After over a year and a half of
dreaming, wondering, praying, waiting, praying, getting scared, chickening out,
praying, wondering, waiting, and finally realizing that I knew the answer all
along, I started my papers. In my interview with Bishop Moon on September 1,
2011, I nervously expressed my desire to start my mission papers. To my great
surprise (I don't know what I was expecting....), he grinned ear to ear, leaned
his head back kinda laughing, and then leaned forward still grinning, smacked
his hands on the table, and nearly shouted, "You are going to be
AWESOME!" Haha, I was surprised about how excited he was about me going on
a mission! I was so relieved! Then we continued to talk
for a while about my concerns, his thoughts, impressions, etc. He helped set up
my account (I was impressed that I remembered my baptism and confirmation
date...May 23, 1998!), and after a great, long talk with him (sorry people who were
waiting behind me!), I nearly skipped out of his office and to my car (her name
is Lola). I drove to the west parking lot of the temple to calm myself down,
gather my thoughts, and think about what had just happened. It was a great
feeling.
I decided to tell my parents about my
papers that night....they were happy for me. I think they had been expecting it
would happen eventually. I started my papers that very night. With the hustle
and bustle of my insane school schedule, my job at Timpview (I love that job
and those girls so much!) and distractions galore, it took me a while to
complete my papers. I didn't tell many people - I wanted to keep it on the down
low...just in case I changed my mind or something. I immediately noticed
greater adversity and resistance throughout my day, much of that I will
attribute to the adversary. He knows our weaknesses and works on us
consistently and gently. 2 Nephi 26 and 2 Nephi 28 teaches us that the devil
leads people carefully, with a flaxen (weak) cord, slowly until he binds us and
leads us to hell. Don't worry, I wasn't doing anything too sketchy! However, I
would get distracted easily, be super unmotivated to study, I'd get confused,
and doubt my decision to go. Luckily, things continued to fall into place...it
was amazing to see the small tender mercies that began to flow freely. Those
little miracles remind me that when we are diligently trying to do the right
thing, we will be blessed!
On October 3, I recorded in my journal: "Life is full of fun,
rewarding, challenging, difficult, and amazing experiences!
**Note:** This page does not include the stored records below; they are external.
(* There exist constants $0<M_1\le M_2<\infty$ such that \[M_1\le\inf_{b\in\Sigma(C,A,\gamma)}\ \inf_{x\in[y_1,\bar y]}\xi_b(x)\le\sup_{b\in\Sigma(C,A,\gamma)}\ \sup_{x\in[y_1,\bar y]}\xi_b(x)\le M_2.\]
   Context: Let $\sigma:\mathbb{R}\to\mathbb{R}$ be locally Lipschitz with $\underline\nu\le|\sigma(x)|\le\overline\nu$ for all $x$, for constants $0<\underline\nu\le\overline\nu<\infty$. For constants $A,\gamma>0$, $C\ge1$, let $\Sigma(C,A,\gamma)=\Sigma(C,A,\gamma,\sigma)$ be the set of locally Lipschitz $b:\mathbb{R}\to\mathbb{R}$ with $|b(x)|\le C(1+|x|)$ for all $x$ and $\frac{b(x)}{\sigma^2(x)}\operatorname{sgn}(x)\le-\gamma$ for all $|x|>A$. For $b$ in this class, $\rho_b(x)=\frac{1}{C_{b,\sigma}\sigma^2(x)}\exp\big(\int_0^x\frac{2b(y)}{\sigma^2(y)}\mathrm{d}y\big)$ is the invariant density ($C_{b,\sigma}$ normalizing). Fix $y_0\in\mathbb{R}$ and set $\xi_b(x):=2\int_{y_0}^x\frac{1}{\sigma^2(y)\rho_b(y)}\int_{-\infty}^y\rho_b(z)\,\mathrm{d}z\,\mathrm{d}y$. Here $y_0<y_1<\bar y$ are fixed real numbers. *)

theory Defs
  imports "HOL-Analysis.Analysis"
begin

definition loc_lipschitz :: "(real \<Rightarrow> real) \<Rightarrow> bool" where
  "loc_lipschitz f \<longleftrightarrow> (\<forall>x. \<exists>e>0. \<exists>L. L-lipschitz_on (cball x e) f)"

definition Sigma_class :: "real \<Rightarrow> real \<Rightarrow> real \<Rightarrow> (real \<Rightarrow> real) \<Rightarrow> (real \<Rightarrow> real) set" where
  "Sigma_class C A \<gamma> \<sigma> = {b. loc_lipschitz b \<and> (\<forall>x. \<bar>b x\<bar> \<le> C * (1 + \<bar>x\<bar>)) \<and>
       (\<forall>x. \<bar>x\<bar> > A \<longrightarrow> b x / (\<sigma> x)\<^sup>2 * sgn x \<le> - \<gamma>)}"

definition dens_un :: "(real \<Rightarrow> real) \<Rightarrow> (real \<Rightarrow> real) \<Rightarrow> real \<Rightarrow> real" where
  "dens_un b \<sigma> x = (1 / (\<sigma> x)\<^sup>2) * exp (LBINT y=ereal 0..ereal x. 2 * b y / (\<sigma> y)\<^sup>2)"

definition norm_const :: "(real \<Rightarrow> real) \<Rightarrow> (real \<Rightarrow> real) \<Rightarrow> real" where
  "norm_const b \<sigma> = (LBINT x. dens_un b \<sigma> x)"

definition rho :: "(real \<Rightarrow> real) \<Rightarrow> (real \<Rightarrow> real) \<Rightarrow> real \<Rightarrow> real" where
  "rho b \<sigma> x = dens_un b \<sigma> x / norm_const b \<sigma>"

definition xi :: "(real \<Rightarrow> real) \<Rightarrow> (real \<Rightarrow> real) \<Rightarrow> real \<Rightarrow> real \<Rightarrow> real" where
  "xi b \<sigma> y0 x = 2 * (LBINT y=ereal y0..ereal x.
      (1 / ((\<sigma> y)\<^sup>2 * rho b \<sigma> y)) * (LBINT z=-\<infinity>..ereal y. rho b \<sigma> z))"

end

theory Submission
  imports Defs
begin

text \<open>
  With the potential Q(x) = int_0^x 2b/sigma^2 one has rho_b proportional to exp Q / sigma^2, and
  the normalising constant cancels in xi_b, whose integrand becomes
  exp (-Q y) * int_{-inf}^y exp Q / sigma^2. On a window [-R, R] the linear growth bound on b
  gives |Q| <= L R, and outside it the inward drift makes Q decrease at rate 2 gamma, so
  exp Q / sigma^2 is dominated by a multiple of exp (-2 gamma |z|). All these constants depend
  only on the class parameters, hence the integrand of xi_b is pinched between two positive
  constants uniformly in b, and xi_b(x) lies between two multiples of x - y0.
\<close>

definition drift_potential :: "(real \<Rightarrow> real) \<Rightarrow> (real \<Rightarrow> real) \<Rightarrow> real \<Rightarrow> real" where
  "drift_potential b \<sigma> x = (LBINT y=ereal 0..ereal x. 2 * b y / (\<sigma> y)\<^sup>2)"

definition dens_un_cdf :: "(real \<Rightarrow> real) \<Rightarrow> (real \<Rightarrow> real) \<Rightarrow> real \<Rightarrow> real" where
  "dens_un_cdf b \<sigma> y = (LINT z:{..<y}|lborel. dens_un b \<sigma> z)"

lemma dens_un_eq_exp_drift_potential: "dens_un b \<sigma> x = exp (drift_potential b \<sigma> x) / (\<sigma> x)\<^sup>2"
  by (simp add: dens_un_def drift_potential_def)

lemma dens_un_nonneg: "0 \<le> dens_un b \<sigma> x"
  by (simp add: dens_un_def)

lemma loc_lipschitz_imp_continuous_on:
  assumes "loc_lipschitz f"
  shows "continuous_on S f"
proof -
  have "isCont f x" for x
  proof -
    obtain e L where "e > 0" and lip: "L-lipschitz_on (cball x e) f"
      using assms unfolding loc_lipschitz_def by blast
    have "continuous_on (ball x e) f"
      using lipschitz_on_continuous_on[OF lip] ball_subset_cball continuous_on_subset by blast
    then show ?thesis
      using \<open>e > 0\<close> by (metis centre_in_ball continuous_on_interior interior_ball)
  qed
  then show ?thesis by (simp add: continuous_at_imp_continuous_on)
qed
The thoughts that
continue to weigh most heavily on my mind are those of a mission - they continue
to work on me and motivate me to improve (thank you, Holy Ghost! Keep the
purification juices coming!). After months of being fearful and scared of a
mission, I have finally conquered it! Although those feelings sometimes slip
into my mind, overall I am very excited! So excited in fact, that I want
to withdraw from all of my classes, turn in my papers, and leave in 2 weeks.
I'd love that....but its awfully unpractical."
I finally turned in my papers on October
16. I was nearly sick because I was so dang nervous for my interview with my
Stake President. Why? Because I'm a worry wart. The interview was fantastic. I
won't go into details, but I left his office feeling so good! He is a man of
God and is so in tune with the Spirit. I'm grateful to have such awesome
priesthood leaders in my ward and stake. They're a bunch of spiritual studs! I
am going to marry a man like that!!!!!
Once again, I drove to and parked myself
in my favorite parking spot in the most western lot of the temple and soaked it
all in. The words of the primary songs, "I hope they call me on a
mission" and "I love to see the temple" flowed through my
head....super cheesy, I know. But it was so appropriate as I faced the temple
and saw the missionaries walking around on the grounds taking pictures. :)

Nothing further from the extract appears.